Dearest Bradley Thomas Lidge,
You know what I want to discuss.
Let me preface this. I always have the Phaith. I believe we can battle back from 10-0 deficits. I believe Ryan Howard can avoid striking out for the 16th time in five innings. We can do it, always. What? Donovan McNabb won't throw that pass 15 yards short and straight into the grass, nor will he vomit on-field, on-screen in key situations. Randy Jones will have a good game, and if the heavens smile on us, maybe he'll make a few good hits, too! I am the definition of Phaith. If you didn't stay perfect last year, a few blown saves last and this wouldn't seem like the Apocalypse. Unfortunately, you've decided to lump all your failure into key moments of this season, and have blown games in the true Philadelphia way - ridiculous, comical, unfathomable ways. I almost never boo a player.
This was just a matter of time. Tonight, your team, the Phillies kicked off a three-game series against the Pittsburgh Pirates in da 'Burgh. (Pittsburgh seems to be a recurring theme on here, eh?) I live and breathe baseball, but 99% of the time I forget the Pirates even exist. It's as simple as that. Some team in Pittsburgh needs to suck, and it's not the Penguins or the Steelers, so the Buccos need to carry the suck for all three teams. As fantastic as he was, the Roberto Clemente days are long gone.
Tonight, after early scoring including two first-pitch homers from Jimmy Rollins, we looked like we were in good shape. Now, as any Philadelphia fan will tell you, no lead is ever safe. Nothing. Ever. No matter what sport. We expect to piss away leads, and when we don't, we're shocked.
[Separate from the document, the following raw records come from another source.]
(* Let $Q_d$ be the $d$-dimensional hypercube graph, with $n = 2^d$ vertices. Then $\chi_{2K_2}(Q_2) = 2$, $\chi_{2K_2}(Q_3) = 4$, and for every $d \ge 4$, $$\chi_{2K_2}(Q_d) \ge \sqrt{\frac{d}{2d-1}\,2^d} + \frac12 = \sqrt{\frac{n}{2}\cdot\frac{1}{1 - 1/(2\lg n)}} + \frac12,$$ where $\lg$ denotes the base-2 logarithm.
   Context: All graphs are finite and simple. For a fixed bipartite graph $H$, a proper vertex coloring of a graph $G$ is called an $H$-avoiding coloring if for any two color classes, the subgraph of $G$ induced by their union contains no induced subgraph isomorphic to $H$. $\chi_H(G)$ denotes the minimum number of colors in an $H$-avoiding coloring of $G$. $2K_2$ is the disjoint union of two edges. $Q_d$ has vertex set $\{0,1\}^d$, two vertices adjacent iff they differ in exactly one coordinate. *)

theory Defs
  imports Complex_Main
begin

(* A finite simple graph is given by a vertex set V and a symmetric irreflexive
   adjacency predicate E (only its restriction to V matters). *)

definition has_induced_copy ::
  "'b set \<Rightarrow> ('b \<Rightarrow> 'b \<Rightarrow> bool) \<Rightarrow> ('a \<Rightarrow> 'a \<Rightarrow> bool) \<Rightarrow> 'a set \<Rightarrow> bool" where
  "has_induced_copy VH EH E S \<longleftrightarrow>
     (\<exists>f. inj_on f VH \<and> f ` VH \<subseteq> S \<and>
          (\<forall>a\<in>VH. \<forall>b\<in>VH. E (f a) (f b) \<longleftrightarrow> EH a b))"

definition proper_coloring :: "'a set \<Rightarrow> ('a \<Rightarrow> 'a \<Rightarrow> bool) \<Rightarrow> ('a \<Rightarrow> nat) \<Rightarrow> bool" where
  "proper_coloring V E c \<longleftrightarrow> (\<forall>u\<in>V. \<forall>v\<in>V. E u v \<longrightarrow> c u \<noteq> c v)"

definition H_avoiding_coloring ::
  "'b set \<Rightarrow> ('b \<Rightarrow> 'b \<Rightarrow> bool) \<Rightarrow> 'a set \<Rightarrow> ('a \<Rightarrow> 'a \<Rightarrow> bool) \<Rightarrow> ('a \<Rightarrow> nat) \<Rightarrow> bool" where
  "H_avoiding_coloring VH EH V E c \<longleftrightarrow>
     proper_coloring V E c \<and>
     (\<forall>i j. \<not> has_induced_copy VH EH E {v\<in>V. c v = i \<or> c v = j})"

definition chi_H ::
  "'b set \<Rightarrow> ('b \<Rightarrow> 'b \<Rightarrow> bool) \<Rightarrow> 'a set \<Rightarrow> ('a \<Rightarrow> 'a \<Rightarrow> bool) \<Rightarrow> nat" where
  "chi_H VH EH V E = (LEAST k. \<exists>c. H_avoiding_coloring VH EH V E c \<and> c ` V \<subseteq> {..<k})"

definition twoK2_V :: "nat set" where
  "twoK2_V = {0, 1, 2, 3}"

definition twoK2_E :: "nat \<Rightarrow> nat \<Rightarrow> bool" where
  "twoK2_E a b \<longleftrightarrow> {a, b} = {0, 1} \<or> {a, b} = {2, 3}"

definition cube_V :: "nat \<Rightarrow> bool list set" where
  "cube_V d = {xs. length xs = d}"

definition cube_E :: "bool list \<Rightarrow> bool list \<Rightarrow> bool" where
  "cube_E xs ys \<longleftrightarrow> length xs = length ys \<and>
     card {i. i < length xs \<and> xs ! i \<noteq> ys ! i} = 1"

definition chi_2K2_cube :: "nat \<Rightarrow> nat" where
  "chi_2K2_cube d = chi_H twoK2_V twoK2_E (cube_V d) cube_E"

end

theory Submission
  imports Defs
begin

text \<open>
  Count the \<open>d 2\<^sup>d\<close> ordered edges of \<open>Q\<^sub>d\<close> by the ordered pair of colors of their ends.
  For colors \<open>i \<noteq> j\<close> of a \<open>2K\<^sub>2\<close>-avoiding coloring, the edges between the two classes
  form a \<open>2K\<^sub>2\<close>-free bipartite graph, so the neighborhoods on each side are nested and two
  vertices \<open>x\<close>, \<open>y\<close> of maximum degree are adjacent and meet every edge but those avoiding both.
  Since two vertices of \<open>Q\<^sub>d\<close> have at most two common neighbors, at most one edge avoids
  \<open>x\<close> and \<open>y\<close>, and if both had full degree \<open>d\<close> the two squares through \<open>xy\<close> would
  supply two such edges. Hence two classes span at most \<open>2d - 1\<close> edges, so
  \<open>d 2\<^sup>d \<le> k (k - 1) (2d - 1)\<close> for \<open>k\<close> colors, which rearranges to the bound.
  The small cases are settled by explicit colorings and, for \<open>Q\<^sub>3\<close>, an exhaustive check.
\<close>

section \<open>Bipartite graphs without induced \<open>2K\<^sub>2\<close>\<close>

definition edges_between :: "('a \<Rightarrow> 'a \<Rightarrow> bool) \<Rightarrow> 'a set \<Rightarrow> 'a set \<Rightarrow> ('a \<times> 'a) set" where
  "edges_between E A B = {(a, b). a \<in> A \<and> b \<in> B \<and> E a b}"

definition bipartite_2K2_free :: "('a \<Rightarrow> 'a \<Rightarrow> bool) \<Rightarrow> 'a set \<Rightarrow> 'a set \<Rightarrow> bool" where
  "bipartite_2K2_free E A B \<longleftrightarrow>
     (\<forall>a\<in>A. \<forall>a'\<in>A. \<forall>b\<in>B. \<forall>b'\<in>B. E a b \<and> E a' b' \<and> a \<noteq> a' \<and> b \<noteq> b' \<longrightarrow> E a b' \<or> E a' b)"

definition K23_free :: "('a \<Rightarrow> 'a \<Rightarrow> bool) \<Rightarrow> bool" where
  "K23_free E \<longleftrightarrow>
     (\<forall>u v w1 w2 w3. u \<noteq> v \<and> w1 \<noteq> w2 \<and> w1 \<noteq> w3 \<and> w2 \<noteq> w3 \<longrightarrow>
        \<not> (E u w1 \<and> E u w2 \<and> E u w3 \<and> E w1 v \<and> E w2 v \<and> E w3 v))"

lemma K23_freeD:
  assumes "K23_free E" "u \<noteq> v" "w1 \<noteq> w2" "w1 \<noteq> w3" "w2 \<noteq> w3"
    and "E u w1" "E u w2" "E u w3" "E w1 v" "E w2 v" "E w3 v"
  shows False
  using assms unfolding K23_free_def by blast

lemma finite_edges_between: "finite A \<Longrightarrow> finite B \<Longrightarrow> finite (edges_between E A B)"
  by (rule finite_subset[of _ "A \<times> B"]) (auto simp: edges_between_def)

lemma bipartite_2K2_free_converse: "bipartite_2K2_free (\<lambda>u v. E v u) B A \<longleftrightarrow> bipartite_2K2_free E A B"
  unfolding bipartite_2K2_free_def by blast

text \<open>In a \<open>2K\<^sub>2\<close>-free bipartite graph the neighborhoods of one side form a chain, so a
  vertex of maximum degree sees every vertex of positive degree on the other side.\<close>

lemma max_degree_dominates:
  assumes free: "bipartite_2K2_free E A B" and "finite B"
    and x: "x \<in> A" and max: "\<forall>a\<in>A. card {b\<in>B. E a b} \<le> card {b\<in>B. E x b}"
    and ab: "a \<in> A" "b \<in> B" "E a b"
  shows "E x b"
proof (rule ccontr)
  assume "\<not> E x b"
  have "{b'\<in>B. E x b'} \<subseteq> {b'\<in>B. E a b'}"
  proof safe
    fix b' assume "b' \<in> B" "E x b'"
    then show "E a b'"
      using free ab x \<open>\<not> E x b\<close> unfolding bipartite_2K2_free_def by metis
  qed
  with ab \<open>\<not> E x b\<close> have "{b'\<in>B. E x b'} \<subset> {b'\<in>B. E a b'}"
    by blast
  then have "card {b'\<in>B. E x b'} < card {b'\<in>B. E a b'}"
    using \<open>finite B\<close> by (simp add: psubset_card_mono)
  with max ab show False
    by force
qed

lemma bipartite_2K2_free_dominating_edge:
  assumes free: "bipartite_2K2_free E A B" and "finite A" "finite B" "edges_between E A B \<noteq> {}"
  obtains x y where "x \<in> A" "y \<in> B" "E x y"
    "\<And>a b. (a, b) \<in> edges_between E A B \<Longrightarrow> E x b \<and> E a y"
proof -
  obtain a0 b0 where e0: "a0 \<in> A" "b0 \<in> B" "E a0 b0"
    using assms(4) by (auto simp: edges_between_def)
  obtain x where x: "x \<in> A" "\<forall>a\<in>A. card {b\<in>B. E a b} \<le> card {b\<in>B. E x b}"
    using ex_has_greatest_nat[of "\<lambda>a. a \<in> A" a0 "\<lambda>a. card {b\<in>B. E a b}" "Suc (card B)"]
      e0(1) \<open>finite B\<close> by (auto simp: le_imp_less_Suc card_mono)
  obtain y where y: "y \<in> B" "\<forall>b\<in>B. card {a\<in>A. E a b} \<le> card {a\<in>A. E a y}"
    using ex_has_greatest_nat[of "\<lambda>b. b \<in> B" b0 "\<lambda>b. card {a\<in>A. E a b}" "Suc (card A)"]
      e0(2) \<open>finite A\<close> by (auto simp: le_imp_less_Suc card_mono)
  have free': "bipartite_2K2_free (\<lambda>u v. E v u) B A"
    using free by (rule bipartite_2K2_free_converse[THEN iffD2])
  have dom: "E x b \<and> E a y" if "(a, b) \<in> edges_between E A B" for a b
    using that max_degree_dominates[OF free \<open>finite B\<close> x]
      max_degree_dominates[OF free' \<open>finite A\<close> y] by (auto simp: edges_between_def)
  have "E x b0"
    using dom e0 by (auto simp: edges_between_def)
  then have "E x y"
    using dom x(1) e0(2) by (auto simp: edges_between_def)
  with x(1) y(1) dom show ?thesis
    using that by blast
qed

lemma edges_off_dominating_pair_unique:
  assumes "symp E" "K23_free E" "bipartite_2K2_free E A B"
    and dom: "\<And>a b. (a, b) \<in> edges_between E A B \<Longrightarrow> E x b \<and> E a y" and "E x y"
    and ab: "(a, b) \<in> edges_between E A B" "a \<noteq> x" "b \<noteq> y"
    and ab': "(a', b') \<in> edges_between E A B" "a' \<noteq> x" "b' \<noteq> y"
  shows "(a, b) = (a', b')"
proof -
  have edges: "a \<in> A" "b \<in> B" "E a b" "a' \<in> A" "b' \<in> B" "E a' b'"
    using ab ab' by (auto simp: edges_between_def)
  have to_x: "E x b" "E x b'" and to_y: "E a y" "E a' y"
    using dom ab ab' by auto
  text \<open>Both edges lie on 4-cycles through \<open>x y\<close>; any edge joining them would give two
    vertices with three common neighbors.\<close>
  have no_cross: False if "b \<noteq> b'" "E u b" "E u b'" "E u y" "u \<noteq> x" for u
    by (rule K23_freeD[of E u x b b' y]) (use assms that to_x in \<open>auto intro: sympD\<close>)
  show ?thesis
  proof (cases "a = a'")
    case True
    then show ?thesis
      using no_cross[of a] edges to_y ab by auto
  next
    case False
    have "b = b' \<Longrightarrow> False"
      by (rule K23_freeD[of E b y x a a']) (use assms edges to_x to_y False in \<open>auto intro: sympD\<close>)
    then have "b \<noteq> b'" by blast
    then have "E a b' \<or> E a' b"
      using \<open>bipartite_2K2_free E A B\<close> edges False unfolding bipartite_2K2_free_def by blast
    then show ?thesis
      using no_cross[of a] no_cross[of a'] \<open>b \<noteq> b'\<close> edges to_y ab ab' by blast
  qed
qed

lemma card_edges_between_le:
  assumes "finite A" "finite B" "x \<in> A" "E x y"
  shows "card (edges_between E A B) \<le>
    card {b\<in>B. E x b} + (card {a\<in>A. E a y} - 1) +
    card {(a, b) \<in> edges_between E A B. a \<noteq> x \<and> b \<noteq> y}"
proof -
  let ?R = "{(a, b) \<in> edges_between E A B. a \<noteq> x \<and> b \<noteq> y}"
  have "edges_between E A B \<subseteq> Pair x ` {b\<in>B. E x b} \<union> (\<lambda>a. (a, y)) ` ({a\<in>A. E a y} - {x}) \<union> ?R"
    by (auto simp: edges_between_def)
  then have "card (edges_between E A B) \<le>
      card (Pair x ` {b\<in>B. E x b} \<union> (\<lambda>a. (a, y)) ` ({a\<in>A. E a y} - {x}) \<union> ?R)"
    using assms by (intro card_mono) (auto intro: finite_subset[OF _ finite_edges_between])
  also have "\<dots> \<le> card (Pair x ` {b\<in>B. E x b}) + card ((\<lambda>a. (a, y)) ` ({a\<in>A. E a y} - {x})) + card ?R"
    by (meson card_Un_le add_le_mono1 order_trans)
  also have "\<dots> \<le> card {b\<in>B. E x b} + (card {a\<in>A. E a y} - 1) + card ?R"
    using assms by (simp add: card_image_le card_Diff_singleton inj_on_def card_image)
  finally show ?thesis .
qed

section \<open>\<open>2K\<^sub>2\<close>-avoiding colorings\<close>

definition induced_2K2 :: "('a \<Rightarrow> 'a \<Rightarrow> bool) \<Rightarrow> 'a \<Rightarrow> 'a \<Rightarrow> 'a \<Rightarrow> 'a \<Rightarrow> bool" where
  "induced_2K2 E a b a' b' \<longleftrightarrow> E a b \<and> E a' b' \<and> \<not> E a a' \<and> \<not> E a b' \<and> \<not> E b a' \<and> \<not> E b b'"

lemma twoK2_E_iff:
  "twoK2_E m n \<longleftrightarrow> (m, n) \<in> {(0, 1), (1, 0), (2, 3), (3, 2)}"
  by (auto simp: twoK2_E_def doubleton_eq_iff)

lemma has_induced_twoK2_iff:
  assumes "symp E" "irreflp E"
  shows "has_induced_copy twoK2_V twoK2_E E S \<longleftrightarrow>
    (\<exists>a b a' b'. a \<in> S \<and> b \<in> S \<and> a' \<in> S \<and> b' \<in> S \<and> induced_2K2 E a b a' b')"
proof
  assume "has_induced_copy twoK2_V twoK2_E E S"
  then obtain f where f: "f ` twoK2_V \<subseteq> S"
    "\<forall>m\<in>twoK2_V. \<forall>n\<in>twoK2_V. E (f m) (f n) \<longleftrightarrow> twoK2_E m n"
    unfolding has_induced_copy_def by blast
  then have "f 0 \<in> S" "f 1 \<in> S" "f 2 \<in> S" "f 3 \<in> S" "induced_2K2 E (f 0) (f 1) (f 2) (f 3)"
    by (simp_all add: twoK2_V_def induced_2K2_def twoK2_E_iff)
  then show "\<exists>a b a' b'. a \<in> S \<and> b \<in> S \<and> a' \<in> S \<and> b' \<in> S \<and> induced_2K2 E a b a' b'"
    by blast
next
  assume "\<exists>a b a' b'. a \<in> S \<and> b \<in> S \<and> a' \<in> S \<and> b' \<in> S \<and> induced_2K2 E a b a' b'"
  then obtain a b a' b' where in_S: "a \<in> S" "b \<in> S" "a' \<in> S" "b' \<in> S"
    and "E a b" "E a' b'" "\<not> E a a'" "\<not> E a b'" "\<not> E b a'" "\<not> E b b'"
    unfolding induced_2K2_def by blast
  then have adj: "E a b" "E b a" "E a' b'" "E b' a'"
    and non_adj: "\<not> E a a'" "\<not> E a' a" "\<not> E a b'" "\<not> E b' a"
      "\<not> E b a'" "\<not> E a' b" "\<not> E b b'" "\<not> E b' b"
      "\<not> E a a" "\<not> E b b" "\<not> E a' a'" "\<not> E b' b'"
    using sympD[OF \<open>symp E\<close>] irreflpD[OF \<open>irreflp E\<close>] by blast+
  then have "distinct [a, b, a', b']"
    by auto
  define f where "f = (!) [a, b, a', b']"
  have "inj_on f twoK2_V"
    using \<open>distinct [a, b, a', b']\<close> by (auto simp: inj_on_def twoK2_V_def f_def)
  moreover have "f ` twoK2_V \<subseteq> S"
    using in_S by (simp add: twoK2_V_def f_def)
  moreover have "\<forall>m\<in>twoK2_V. \<forall>n\<in>twoK2_V. E (f m) (f n) \<longleftrightarrow> twoK2_E m n"
    using adj non_adj by (simp add: twoK2_V_def twoK2_E_iff f_def)
  ultimately show "has_induced_copy twoK2_V twoK2_E E S"
    unfolding has_induced_copy_def by (intro exI[of _ f]) simp
qed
Soon the game was evened up, then the Pirates took the lead 3-2. After blowing some prime scoring opportunities, Carlos Ruiz doubled, followed by an RBI pinch double from former Cleveland Indian Ben Francisco, and that was followed by a strikeout from J-Roll (that's fine, he did enough tonight), and an RBI triple from Shane Victorino. If you're keeping score at home, kids, that's a 4-3 lead.
Which brings us to every Phillies fan's new current worst nightmare - YOU.
Brad, after tonight's diarrhea of a performance, I am happy I saved that $200 and didn't buy your jersey.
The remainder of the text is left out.